(Source data)
....

definition hatW :: "(nat \<Rightarrow> nat) \<Rightarrow> nat \<Rightarrow> (nat \<Rightarrow> nat \<Rightarrow> real) \<Rightarrow> nat \<Rightarrow> nat \<Rightarrow> real" where
  "hatW L S W = (\<lambda>i j. if block_index L S i = block_index L S j then W i j else 0)"

definition Gamma_set :: "nat \<Rightarrow> (nat \<Rightarrow> real) set" where
  "Gamma_set S = {\<beta>. \<forall>k::int. k \<noteq> 0 \<longrightarrow> (\<forall>s1\<in>{1..S}. \<forall>s2\<in>{1..S}. s1 \<noteq> s2 \<longrightarrow>
      exp (- 2 * pi * \<i> * of_int k * of_real (\<beta> s1)) \<noteq> exp (- 2 * pi * \<i> * of_int k * of_real (\<beta> s2)))}"

definition Weps :: "real \<Rightarrow> (nat \<Rightarrow> nat \<Rightarrow> real) \<Rightarrow> nat \<Rightarrow> nat \<Rightarrow> real" where
  "Weps \<epsilon> W = (\<lambda>i j. (if i = j then 1 else 0) + \<epsilon> * W i j)"

end

theory Submission
  imports Defs
begin

text \<open>
  Since \<open>D\<close> is diagonal and
  \<open>W\<close> is symmetric, it reads \<open>(cnj \<lambda>\<^sub>\<epsilon> - cnj D\<^sub>j\<^sub>j) (\<mu>\<^sub>\<epsilon>)\<^sub>j = \<epsilon> (W D\<^sub>-\<^sub>\<beta> \<mu>\<^sub>\<epsilon>)\<^sub>j\<close>.
  As \<open>\<epsilon> \<rightarrow> 0\<close> the factor on the left tends to \<open>exp (2\<pi>ik\<beta>\<^sub>s\<^sub>l) - exp (2\<pi>ik\<beta>\<^sub>s\<^sub>j)\<close>,
  which is nonzero because \<open>\<beta> \<in> \<Gamma>\<close> and \<open>s\<^sub>j \<noteq> s\<^sub>l\<close>, while the right-hand side divided by
  \<open>\<epsilon>\<close> tends to \<open>(W D\<^sub>-\<^sub>\<beta> f)\<^sub>j\<close>. Dividing gives the limit of \<open>(\<mu>\<^sub>\<epsilon>)\<^sub>j / \<epsilon>\<close>; in particular
  \<open>(\<mu>\<^sub>\<epsilon>)\<^sub>j \<rightarrow> 0\<close>, so \<open>f\<^sub>j = 0\<close> and the two difference quotients coincide.
\<close>

lemma Nb_mono: "a \<le> b \<Longrightarrow> Nb L a \<le> Nb L b"
  unfolding Nb_def by (rule sum_mono2) auto

lemma band_block_unique:
  assumes "j \<in> band_block L s" "j \<in> band_block L t"
  shows "s = t"
proof (rule ccontr)
  assume "s \<noteq> t"
  then consider "s < t" | "t < s" by linarith
  then show False
  proof cases
    case 1
    hence "Nb L s \<le> Nb L (t - 1)" by (intro Nb_mono) auto
    then show False using assms unfolding band_block_def by auto
  next
    case 2
    hence "Nb L t \<le> Nb L (s - 1)" by (intro Nb_mono) auto
    then show False using assms unfolding band_block_def by auto
  qed
qed

lemma band_block_exists:
  assumes bw: "band_width_vector S N L" and j: "j \<in> {1..N}"
  shows "\<exists>s\<in>{1..S}. j \<in> band_block L s"
proof -
  have "j \<le> Nb L S" using bw j unfolding band_width_vector_def Nb_def by simp
  define s where "s = (LEAST s. j \<le> Nb L s)"
  have s_upper: "j \<le> Nb L s" unfolding s_def by (rule LeastI) fact
  have s_le: "s \<le> S" unfolding s_def by (rule Least_le) fact
  have s_pos: "s \<noteq> 0" using s_upper j by (cases "s = 0") (auto simp: Nb_def)
  have s_lower: "\<not> j \<le> Nb L (s - 1)"
  proof
    assume "j \<le> Nb L (s - 1)"
    hence "s \<le> s - 1" unfolding s_def by (rule Least_le)
    thus False using s_pos by simp
  qed
  show ?thesis using s_pos s_upper s_le s_lower by (auto simp: band_block_def intro!: bexI[of _ s])
qed

lemma block_index_in_band_block:
  assumes "band_width_vector S N L" "j \<in> {1..N}"
  shows "block_index L S j \<in> {1..S}" "j \<in> band_block L (block_index L S j)"
proof -
  obtain s where s: "s \<in> {1..S}" "j \<in> band_block L s" using band_block_exists[OF assms] by blast
  have "block_index L S j = s" unfolding block_index_def
    by (rule the_equality) (use s band_block_unique in auto)
  thus "block_index L S j \<in> {1..S}" "j \<in> band_block L (block_index L S j)" using s by simp_all
qed

lemma Gamma_set_exp_neq:
  assumes "\<beta> \<in> Gamma_set S" "0 < k" "s \<in> {1..S}" "t \<in> {1..S}" "s \<noteq> t"
  shows "exp (2 * pi * \<i> * of_nat k * of_real (\<beta> s)) \<noteq> exp (2 * pi * \<i> * of_nat k * of_real (\<beta> t))"
proof -
  have "- int k \<noteq> 0" using \<open>0 < k\<close> by simp
  with assms have "exp (- 2 * pi * \<i> * of_int (- int k) * of_real (\<beta> s)) \<noteq>
      exp (- 2 * pi * \<i> * of_int (- int k) * of_real (\<beta> t))"
    unfolding Gamma_set_def by blast
  thus ?thesis by simp
qed

lemma cnj_exp: "cnj (exp z) = exp (cnj z)"
  by (simp add: cis_cnj exp_eq_polar)

lemma cnj_Dmat_diag:
  "cnj (Dmat (int k) \<beta> L S j j) = exp (2 * pi * \<i> * of_nat k * of_real (\<beta> (block_index L S j)))"
  by (simp add: Dmat_def cnj_exp)

lemma mat_mul_Dmat_left:
  assumes "finite I" "i \<in> I"
  shows "mat_mul I (Dmat k \<beta> L S) B i j = Dmat k \<beta> L S i i * B i j"
  unfolding mat_mul_def Dmat_def using assms by (simp add: if_distrib[where f="\<lambda>x. x * _"] cong: if_cong)

lemma mat_mul_cnj_Dmat_right:
  assumes "finite I" "j \<in> I"
  shows "mat_mul I A (\<lambda>a b. cnj (Dmat k \<beta> L S a b)) i j = A i j * cnj (Dmat k \<beta> L S j j)"
  unfolding mat_mul_def Dmat_def using assms by (simp add: if_distrib[where f="\<lambda>x. _ * cnj x"] cong: if_cong)

lemma mat_vec_adjoint_Dmat_Weps:
  fixes W :: "nat \<Rightarrow> nat \<Rightarrow> real" and k :: int and \<beta> :: "nat \<Rightarrow> real"
    and L :: "nat \<Rightarrow> nat" and S :: nat
  defines "D \<equiv> Dmat k \<beta> L S"
  assumes I: "finite I" "j \<in> I" and W_sym: "\<And>b. b \<in> I \<Longrightarrow> W b j = W j b"
  shows "mat_vec I (adjoint (mat_mul I D (cmat (Weps \<epsilon> W)))) v j
       = cnj (D j j) * v j + of_real \<epsilon> * mat_vec I (mat_mul I (cmat W) (\<lambda>a b. cnj (D a b))) v j"
proof -
  have row: "adjoint (mat_mul I D (cmat (Weps \<epsilon> W))) j b * v b
      = (if b = j then cnj (D j j) * v j else 0)
        + of_real \<epsilon> * (mat_mul I (cmat W) (\<lambda>a b. cnj (D a b)) j b * v b)" if "b \<in> I" for b
    using that W_sym[OF that]
    by (simp add: D_def adjoint_def cmat_def Weps_def mat_mul_Dmat_left[OF I(1)]
        mat_mul_cnj_Dmat_right[OF I(1)] algebra_simps)
  show ?thesis
    unfolding mat_vec_def using I
    by (simp add: row sum.distrib sum_distrib_left cong: sum.cong)
qed

lemma tendsto_mat_vec:
  assumes "finite I" "\<And>j. j \<in> I \<Longrightarrow> ((\<lambda>x. v x j) \<longlongrightarrow> w j) F"
  shows "((\<lambda>x. mat_vec I A (v x) i) \<longlongrightarrow> mat_vec I A w i) F"
  unfolding mat_vec_def using assms by (intro tendsto_intros) auto

lemma tendsto_quotient_at_right_0:
  fixes a A \<mu> :: "real \<Rightarrow> 'a::real_normed_field"
  assumes eq: "\<forall>\<^sub>F \<epsilon> in at_right 0. (a \<epsilon> - d) * \<mu> \<epsilon> = of_real \<epsilon> * A \<epsilon>"
    and a: "(a \<longlongrightarrow> a0) (at_right 0)" and ne: "a0 \<noteq> d"
    and A: "(A \<longlongrightarrow> A0) (at_right 0)"
  shows "((\<lambda>\<epsilon>. \<mu> \<epsilon> / of_real \<epsilon>) \<longlongrightarrow> A0 / (a0 - d)) (at_right 0)"
proof -
  have a_d: "((\<lambda>\<epsilon>. a \<epsilon> - d) \<longlongrightarrow> a0 - d) (at_right 0)" by (intro tendsto_intros a)
  have "\<forall>\<^sub>F \<epsilon> in at_right 0. a \<epsilon> - d \<noteq> 0"
    using tendsto_imp_eventually_ne[OF a_d, of 0] ne by simp
  moreover have "\<forall>\<^sub>F \<epsilon> in at_right (0::real). 0 < \<epsilon>" by (simp add: eventually_at_right_less)
  ultimately have "\<forall>\<^sub>F \<epsilon> in at_right 0. A \<epsilon> / (a \<epsilon> - d) = \<mu> \<epsilon> / of_real \<epsilon>"
    using eq by eventually_elim (simp add: field_simps)
  moreover have "((\<lambda>\<epsilon>. A \<epsilon> / (a \<epsilon> - d)) \<longlongrightarrow> A0 / (a0 - d)) (at_right 0)"
    using ne by (intro tendsto_divide A a_d) simp
  ultimately show ?thesis by (rule Lim_transform_eventually[rotated])
qed

lemma tendsto_zero_of_quotient_at_right_0:
  fixes \<mu> :: "real \<Rightarrow> 'a::real_normed_field"
  assumes "((\<lambda>\<epsilon>. \<mu> \<epsilon> / of_real \<epsilon>) \<longlongrightarrow> c) (at_right 0)"
  shows "(\<mu> \<longlongrightarrow> 0) (at_right 0)"
proof -
  have "((\<lambda>\<epsilon>. of_real \<epsilon> * (\<mu> \<epsilon> / of_real \<epsilon>)) \<longlongrightarrow> of_real 0 * c) (at_right (0::real))"
    by (intro tendsto_mult assms tendsto_of_real) (simp add: tendsto_ident_at)
  moreover have "\<forall>\<^sub>F \<epsilon> in at_right (0::real). of_real \<epsilon> * (\<mu> \<epsilon> / of_real \<epsilon>) = \<mu> \<epsilon>"
    using eventually_at_right_less[of 0] by eventually_elim simp
  ultimately show ?thesis by (simp add: Lim_transform_eventually)
qed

....

[DIRECTIONS]: The answer must be a single number: how many lines in the data contain the string "where"?

[TASK RESPONSE]: 7